In the finite-closed topology all finite sets are closed. However, the following

example shows that infinite subsets need not be open sets.

1.3.2 Example.

If N is the set of all positive integers, then sets such as {1},

{5, 6, 7}, {2, 4, 6, 8} are finite and hence closed in the finite-closed topology. Thus

their complements

{2, 3, 4, 5, . . .}, {1, 2, 3, 4, 8, 9, 10, . . .}, {1, 3, 5, 7, 9, 10, 11, . . .}

are open sets in the finite-closed topology. On the other hand, the set of even

positive integers is not a closed set since it is not finite and hence its complement,

the set of odd positive integers, is not an open set in the finite-closed topology.

So while all finite sets are closed, not all infinite sets are open.

1.3.3 Example.

Let τ be the finite-closed topology on a set X. If X has at

least 3 distinct clopen subsets, prove that X is a finite set.

Proof.

We are given that τ is the finite-closed topology, and that there are at least

3 distinct clopen subsets.

We are required to prove that X is a finite set.

Recall that τ is the finite-closed topology means that the family of all

closed sets consists of X and all finite subsets of X. Recall also that a set

is clopen if and only if it is both closed and open.

Remember that in every topological space there are at least 2 clopen

sets, namely X and Ø. (See the comment immediately following Definition

1.2.6.) But we are told that in the space (X, τ) there are at least 3 clopen

subsets. This implies that there is a clopen subset other than Ø and X. So

we shall have a careful look at this other clopen set!

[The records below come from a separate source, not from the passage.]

lemma P_stage_eq_admissible_paths: "P_stage k u = admissible_paths Lp (selected_tokens k u)"
proof -
  have "P_stage k 0 = admissible_paths Lp (selected_tokens k 0)"
  proof (induction k)
    case 0
    show ?case by (simp add: P_stage_0 selected_tokens_0_0 admissible_paths_empty_family Lprefix_Nil)
  next
    case (Suc k)
    have "P_stage (Suc k) 0 = (\<Union>u. P_stage k u)"
      by (simp add: P_stage_0 Pinf_def P_stage_def)
    also have "\<dots> = (\<Union>u. admissible_paths Lp (selected_tokens k u))"
      using P_stage_eq_admissible_paths_from_start[OF Suc] by simp
    also have "\<dots> = admissible_paths Lp (\<lambda>j. \<Union>u. selected_tokens k u j)"
      by (rule admissible_paths_Union_chain[symmetric, OF mono_selected_tokens])
    finally show ?case by (simp add: selected_tokens_Suc_0)
  qed
  then show ?thesis by (rule P_stage_eq_admissible_paths_from_start)
qed

definition J_stage :: "nat \<Rightarrow> nat \<Rightarrow> 'a item set" where
  "J_stage k u = fst (JT R TT Lex Sel D k (Jstart R S TT Lex Sel D k) u)"

definition T_stage :: "nat \<Rightarrow> nat \<Rightarrow> ('a, 'c) token set" where
  "T_stage k u = snd (JT R TT Lex Sel D k (Jstart R S TT Lex Sel D k) u)"

lemma J_stage_0: "J_stage k 0 = Jstart R S TT Lex Sel D k"
  by (simp add: J_stage_def)

lemma T_stage_0: "T_stage k 0 = {}"
  by (simp add: T_stage_def)

lemma T_stage_Suc: "T_stage k (Suc u) = Tokens TT Lex Sel D (T_stage k u) k (J_stage k u)"
  by (simp add: T_stage_def J_stage_def Let_def)

lemma J_stage_Suc: "J_stage k (Suc u) = pi R k (T_stage k (Suc u)) (J_stage k u)"
  by (simp add: T_stage_def J_stage_def Let_def)

text \<open>Earley's token selection follows the semantic one because the candidate tokens at
  each stage coincide.\<close>
lemma J_stage_eq_valid_items_from_start:
  assumes "k \<le> length D" and "J_stage k 0 = valid_items R S (selected_tokens k 0) k"
  shows "J_stage k u = valid_items R S (selected_tokens k u) k \<and> T_stage k u = Z_stage k u"
proof (induction u)
  case 0
  show ?case using assms(2) by (simp add: T_stage_0 Z_stage_0)
next
  case (Suc u)
  have "T_stage k (Suc u) = Sel (Z_stage k u) (Wk TT Lex D Lp k (admissible_paths Lp (selected_tokens k u)))"
    using Suc Tokens_candidates_eq_Wk[OF assms(1) selected_tokens_terminal] by (simp add: T_stage_Suc Tokens_def)
  also have "\<dots> = Z_stage k (Suc u)" by (simp add: Z_stage_Suc P_stage_eq_admissible_paths)
  finally have T: "T_stage k (Suc u) = Z_stage k (Suc u)" .
  have "J_stage k (Suc u) = pi R k (Z_stage k (Suc u)) (valid_items R S (selected_tokens k u) k)"
    using Suc T by (simp add: J_stage_Suc)
  also have "\<dots> = valid_items R S ((selected_tokens k u)(k := Z_stage k (Suc u))) k"
    by (rule pi_valid_items_update) (simp add: selected_tokens_def Z_stage_subset_Suc)
  finally have "J_stage k (Suc u) = valid_items R S (selected_tokens k (Suc u)) k"
    by (simp only: selected_tokens_Suc)
  with T show ?case by simp
qed

lemma J_stage_eq_valid_items:
  assumes "k \<le> length D"
  shows "J_stage k u = valid_items R S (selected_tokens k u) k"
proof -
  have "J_stage k 0 = valid_items R S (selected_tokens k 0) k"
    using assms
  proof (induction k)
    case 0
    show ?case by (simp add: J_stage_0 pi_Init_eq_valid_items selected_tokens_0_0)
  next
    case (Suc k)
    then have "k \<le> length D" by simp
    have "J_stage (Suc k) 0 = pi R (Suc k) ({} :: ('a, 'c) token set) (\<Union>u. J_stage k u)"
      by (simp add: J_stage_0 Ik_def J_stage_def)
    also have "\<dots> = pi R (Suc k) ({} :: ('a, 'c) token set) (\<Union>u. valid_items R S (selected_tokens k u) k)"
      using J_stage_eq_valid_items_from_start[OF \<open>k \<le> length D\<close> Suc.IH[OF \<open>k \<le> length D\<close>]] by simp
    also have "\<dots> = valid_items R S (selected_tokens (Suc k) 0) (Suc k)"
    proof (rule pi_Union_valid_items[OF mono_selected_tokens])
      show "selected_tokens (Suc k) 0 j = (\<Union>u. selected_tokens k u j)" for j
        by (rule selected_tokens_Suc_0)
      then show "selected_tokens k u j \<subseteq> selected_tokens (Suc k) 0 j" for u j
        by blast
      show "selected_tokens (Suc k) 0 (Suc k) = {}"
        by (simp add: selected_tokens_def Z_stage_0)
    qed
    finally show ?case .
  qed
  then show ?thesis using J_stage_eq_valid_items_from_start[OF assms] by blast
qed

lemma PP_eq_Union_P_stage: "PP NN TT R S Lex Sel D = (\<Union>u. P_stage (length D) u)"
  by (simp add: PP_def Pinf_def P_stage_def Let_def)

lemma II_eq_Union_J_stage: "II R S TT Lex Sel D = (\<Union>u. J_stage (length D) u)"
  by (simp add: II_def Ik_def J_stage_def)

theorem Earley_local_lexing_correct:
  "D \<in> LangSigma NN TT R S Lex Sel \<longleftrightarrow> (\<exists>\<alpha>. Item S \<alpha> [] 0 (length D) \<in> II R S TT Lex Sel D)"
proof -
  let ?n = "length D"
  have "D \<in> LangSigma NN TT R S Lex Sel \<longleftrightarrow>
      (\<exists>u. \<exists>p \<in> admissible_paths Lp (selected_tokens ?n u). length (chars_of p) = ?n \<and> terms_of p \<in> Lang NN TT R S)"
    unfolding LangSigma_def mem_Collect_eq ll_def PP_eq_Union_P_stage P_stage_eq_admissible_paths
    by (simp add: Bex_def) blast
  also have "\<dots> \<longleftrightarrow> (\<exists>u \<alpha>. valid_item R S (selected_tokens ?n u) ?n S \<alpha> [] 0 ?n)"
    by (simp only: accepted_path_iff_complete_item[OF selected_tokens_terminal])
  also have "\<dots> \<longleftrightarrow> (\<exists>\<alpha>. Item S \<alpha> [] 0 ?n \<in> II R S TT Lex Sel D)"
    unfolding II_eq_Union_J_stage J_stage_eq_valid_items[OF order.refl] by simp blast
  finally show ?thesis .
qed

end

theorem theorem2:
  fixes NN TT :: "'a set" and R :: "('a \<times> 'a list) set" and S :: 'a
    and Lex :: "'a \<Rightarrow> 'c list \<Rightarrow> nat \<Rightarrow> ('a \<times> 'c list) set"
    and Sel :: "('a \<times> 'c list) set \<Rightarrow> ('a \<times> 'c list) set \<Rightarrow> ('a \<times> 'c list) set"
    and D :: "'c list"
  assumes "is_cfg NN TT R S"
    and "is_local_lexing TT Lex Sel"
  shows "D \<in> LangSigma NN TT R S Lex Sel \<longleftrightarrow>
         (\<exists>\<alpha>. Item S \<alpha> [] 0 (length D) \<in> II R S TT Lex Sel D)"
proof -
  interpret local_lexing_grammar NN TT R S Lex Sel D using assms by unfold_locales
  show ?thesis by (rule Earley_local_lexing_correct)
qed


end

As our space (X, τ) has 3 distinct clopen subsets, we know that there is a clopen

subset S of X such that S 6= X and S 6= Ø. As S is open in (X, τ), Definition 1.2.4

implies that its complement X \ S is a closed set.

Thus S and X \ S are closed in the finite-closed topology τ. Therefore S and

X \ S are both finite, since neither equals X. But X = S ∪ (X \ S) and so X is the

union of two finite sets. Thus X is a finite set, as required.

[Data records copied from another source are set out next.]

(* Let $(S,\lambda_S^\bullet,\mu_S^{(0)})$, $(G,\lambda_G^\bullet,\mu_G^{(0)})$, $(T,\lambda_T^\bullet,\mu_T^{(0)})$ be Haar groupoids, $p:S\to G$, $q:T\to G$ homomorphisms of Haar groupoids with weak pullback $P$. Let $\gamma_p^\bullet$ be a locally finite Borel system of measures on $p|_{S^{(0)}}:S^{(0)}\to G^{(0)}$ which is a disintegration of $\mu_S^{(0)}$ with respect to $\mu_G^{(0)}$, and $\gamma_q^\bullet$ a locally finite Borel system of measures on $q|_{T^{(0)}}:T^{(0)}\to G^{(0)}$ which is a disintegration of $\mu_T^{(0)}$ with respect to $\mu_G^{(0)}$. Then the projection $\pi_G:P^{(0)}\to G$, $(s,g,t)\mapsto g$, admits a locally finite Borel system of measures $\eta^\bullet$ given by $\eta^x=\gamma_p^{r_G(x)}\times\delta_x\times\gamma_q^{d_G(x)}$ for $x\in G$.
   Context: A system of measures on a Borel map $\pi:X\to Y$ is a family $\{\lambda^y\}_{y\in Y}$ of positive Borel measures on $X$ with each $\lambda^y$ concentrated on $\pi^{-1}(y)$; it is a Borel system of measures (BSM) if $y\mapsto\lambda^y(E)$ is Borel for each Borel $E\subseteq X$; it is locally finite if every $x\in X$ has a neighborhood $U$ with $\lambda^y(U)<\infty$ for all $y$. A BSM $\gamma^\bullet$ on $f:X\to Y$ is a disintegration of a measure $\mu$ on $X$ with respect to a measure $\nu$ on $Y$ if $\mu(E)=\int_Y\gamma^y(E)\,d\nu(y)$ for all Borel $E$. For a groupoid, $G^{(0)}$ is the unit space, $r,d$ range/source, $G^u=r^{-1}(u)$. A Haar groupoid $(G,\lambda^\bullet,\mu^{(0)})$ is a second countable, locally compact, Hausdorff topological groupoid with a continuous left Haar system $\lambda^\bullet$ (a system of measures on $r$ that is continuous in the sense that $u\mapsto\int f d\lambda^u$ is continuous for continuous compactly supported $f\ge0$, left invariant $\lambda^{d(x)}(E)=\lambda^{r(x)}(x(E\cap G^{d(x)}))$, and positive on open sets meeting $G^u$) and a non-zero Radon measure $\mu^{(0)}$ on $G^{(0)}$ quasi-invariant in the sense that the induced measure $\mu(E)=\int\lambda^u(E)d\mu^{(0)}(u)$ is equivalent to $E\mapsto\mu(E^{-1})$. A homomorphism of Haar groupoids is a continuous groupoid homomorphism preserving the measure class of induced measures. The weak pullback has unit space $P^{(0)}=\{(s,g,t)\in S^{(0)}\times G\times T^{(0)}: r_G(g)=p(s),\ d_G(g)=q(t)\}$ with the subspace topology; $\eta^x$ is a measure on $S^{(0)}\times G\times T^{(0)}$ concentrated on $P^{(0)}$, regarded as a measure on $P^{(0)}$. *)

theory Defs
  imports "HOL-Probability.Probability"
begin

section \<open>Groupoids whose elements form the whole (topological) type\<close>

record 'a groupoid =
  units :: "'a set"
  rng   :: "'a \<Rightarrow> 'a"
  src   :: "'a \<Rightarrow> 'a"
  mult  :: "'a \<Rightarrow> 'a \<Rightarrow> 'a"  \<comment> \<open>composition, meaningful when src x = rng y\<close>
  ginv  :: "'a \<Rightarrow> 'a"

definition groupoid :: "'a groupoid \<Rightarrow> bool" where
  "groupoid G \<longleftrightarrow>
     (\<forall>x. rng G x \<in> units G \<and> src G x \<in> units G) \<and>
     (\<forall>u\<in>units G. rng G u = u \<and> src G u = u) \<and>
     (\<forall>x y. src G x = rng G y \<longrightarrow>
        rng G (mult G x y) = rng G x \<and> src G (mult G x y) = src G y) \<and>
     (\<forall>x y z. src G x = rng G y \<and> src G y = rng G z \<longrightarrow>
        mult G (mult G x y) z = mult G x (mult G y z)) \<and>
     (\<forall>x. mult G x (src G x) = x \<and> mult G (rng G x) x = x) \<and>
     (\<forall>x. rng G (ginv G x) = src G x \<and> src G (ginv G x) = rng G x \<and>
        mult G x (ginv G x) = rng G x \<and> mult G (ginv G x) x = src G x)"

text \<open>Second countable, locally compact, Hausdorff topological groupoid
  (second countability and Hausdorffness come from the type classes).\<close>
definition topological_groupoid ::
  "('a::{second_countable_topology,t2_space}) groupoid \<Rightarrow> bool" where
  "topological_groupoid G \<longleftrightarrow> groupoid G \<and>
     locally_compact_space (euclidean :: 'a topology) \<and>
     continuous_on UNIV (rng G) \<and> continuous_on UNIV (src G) \<and>
     continuous_on UNIV (ginv G) \<and>
     continuous_on {(x, y). src G x = rng G y} (\<lambda>(x, y). mult G x y)"

definition range_fibre :: "'a groupoid \<Rightarrow> 'a \<Rightarrow> 'a set" where
  "range_fibre G u = rng G -` {u}"

definition left_translate :: "'a groupoid \<Rightarrow> 'a \<Rightarrow> 'a set \<Rightarrow> 'a set" where
  "left_translate G x A = mult G x ` A"

definition continuous_left_Haar_system ::
  "('a::{second_countable_topology,t2_space}) groupoid \<Rightarrow> ('a \<Rightarrow> 'a measure) \<Rightarrow> bool" where
  "continuous_left_Haar_system G lam \<longleftrightarrow>
     \<comment> \<open>system of (positive Borel) measures on r\<close>
     (\<forall>u\<in>units G. sets (lam u) = sets borel \<and>
        emeasure (lam u) (UNIV - range_fibre G u) = 0) \<and>
     \<comment> \<open>continuity\<close>
     (\<forall>f :: 'a \<Rightarrow> real. continuous_on UNIV f \<and> compact (closure {x. f x \<noteq> 0}) \<and>
        (\<forall>x. 0 \<le> f x) \<longrightarrow>
        continuous_on (units G) (\<lambda>u. \<integral>\<^sup>+ x. ennreal (f x) \<partial>lam u)) \<and>
     \<comment> \<open>left invariance\<close>
     (\<forall>x. \<forall>E\<in>sets borel.
        emeasure (lam (src G x)) E =
        emeasure (lam (rng G x)) (left_translate G x (E \<inter> range_fibre G (src G x)))) \<and>
     \<comment> \<open>positivity on open sets meeting G^u\<close>
     (\<forall>u\<in>units G. \<forall>U. open U \<and> U \<inter> range_fibre G u \<noteq> {} \<longrightarrow> emeasure (lam u) U > 0)"

definition radon_on :: "('a::topological_space) set \<Rightarrow> 'a measure \<Rightarrow> bool" where
  "radon_on X m \<longleftrightarrow> sets m = sets borel \<and> emeasure m (UNIV - X) = 0 \<and>
     (\<forall>K. compact K \<longrightarrow> emeasure m K < \<infinity>)"

definition induced_measure ::
  "('a::topological_space \<Rightarrow> 'a measure) \<Rightarrow> 'a measure \<Rightarrow> 'a measure" where
  "induced_measure lam m0 = measure_of UNIV (sets borel)
     (\<lambda>E. \<integral>\<^sup>+ u. emeasure (lam u) E \<partial>m0)"

definition Haar_groupoid ::
  "('a::{second_countable_topology,t2_space}) groupoid \<Rightarrow> ('a \<Rightarrow> 'a measure) \<Rightarrow> 'a measure \<Rightarrow> bool" where
  "Haar_groupoid G lam m0 \<longleftrightarrow>
     topological_groupoid G \<and> continuous_left_Haar_system G lam \<and>
     radon_on (units G) m0 \<and> emeasure m0 UNIV \<noteq> 0 \<and>
     \<comment> \<open>quasi-invariance: \<mu> equivalent to E \<mapsto> \<mu>(E^{-1})\<close>
     (\<forall>E\<in>sets borel. emeasure (induced_measure lam m0) E = 0 \<longleftrightarrow>
        emeasure (induced_measure lam m0) (ginv G ` E) = 0)"

definition Haar_groupoid_hom ::
  "('a::{second_countable_topology,t2_space}) groupoid \<Rightarrow> ('a \<Rightarrow> 'a measure) \<Rightarrow> 'a measure \<Rightarrow>
   ('b::{second_countable_topology,t2_space}) groupoid \<Rightarrow> ('b \<Rightarrow> 'b measure) \<Rightarrow> 'b measure \<Rightarrow>
   ('a \<Rightarrow> 'b) \<Rightarrow> bool" where
  "Haar_groupoid_hom G lamG mG H lamH mH \<phi> \<longleftrightarrow>
     Haar_groupoid G lamG mG \<and> Haar_groupoid H lamH mH \<and>
     continuous_on UNIV \<phi> \<and>
     (\<forall>x y. src G x = rng G y \<longrightarrow>
        src H (\<phi> x) = rng H (\<phi> y) \<and> \<phi> (mult G x y) = mult H (\<phi> x) (\<phi> y)) \<and>
     (\<forall>E\<in>sets borel. emeasure (induced_measure lamH mH) E = 0 \<longleftrightarrow>
        emeasure (induced_measure lamG mG) (\<phi> -` E) = 0)"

We now know three distinct topologies we can put on any infinite set – and

there are many more. The three we know are the discrete topology, the indiscrete

topology, and the finite-closed topology. So we must be careful always to specify

the topology on a set.

For example, the set {n : n > 10} is open in the finite-closed topology on the

set of natural numbers, but is not open in the indiscrete topology. The set of odd

natural numbers is open in the discrete topology on the set of natural numbers, but

is not open in the finite-closed topology

We shall now record some definitions which you have probably met before.

1.3.4 Definitions.

Let f be a function from a set X into a set Y .

(i) The function f is said to be one-to-one or injective if f(x1) = f(x2)

implies x1 = x2, for x1, x2 ∈ X;

(ii) The function f is said to be onto or surjective if for each y ∈ Y there

exists an x ∈ X such that f(x) = y;

(iii) The function f is said to be bijective if it is both one-to-one and onto.

1.3.5 Definitions.

Let f be a function from a set X into a set Y . The

function f is said to have an inverse if there exists a function g of Y into X

such that g(f(x)) = x, for all x ∈ X and f(g(y)) = y, for all y ∈ Y . The

function g is called an inverse function of f.

The proof of the following proposition is left as an exercise for you.

1.3.6 Proposition.

Let f be a function from a set X into a set Y .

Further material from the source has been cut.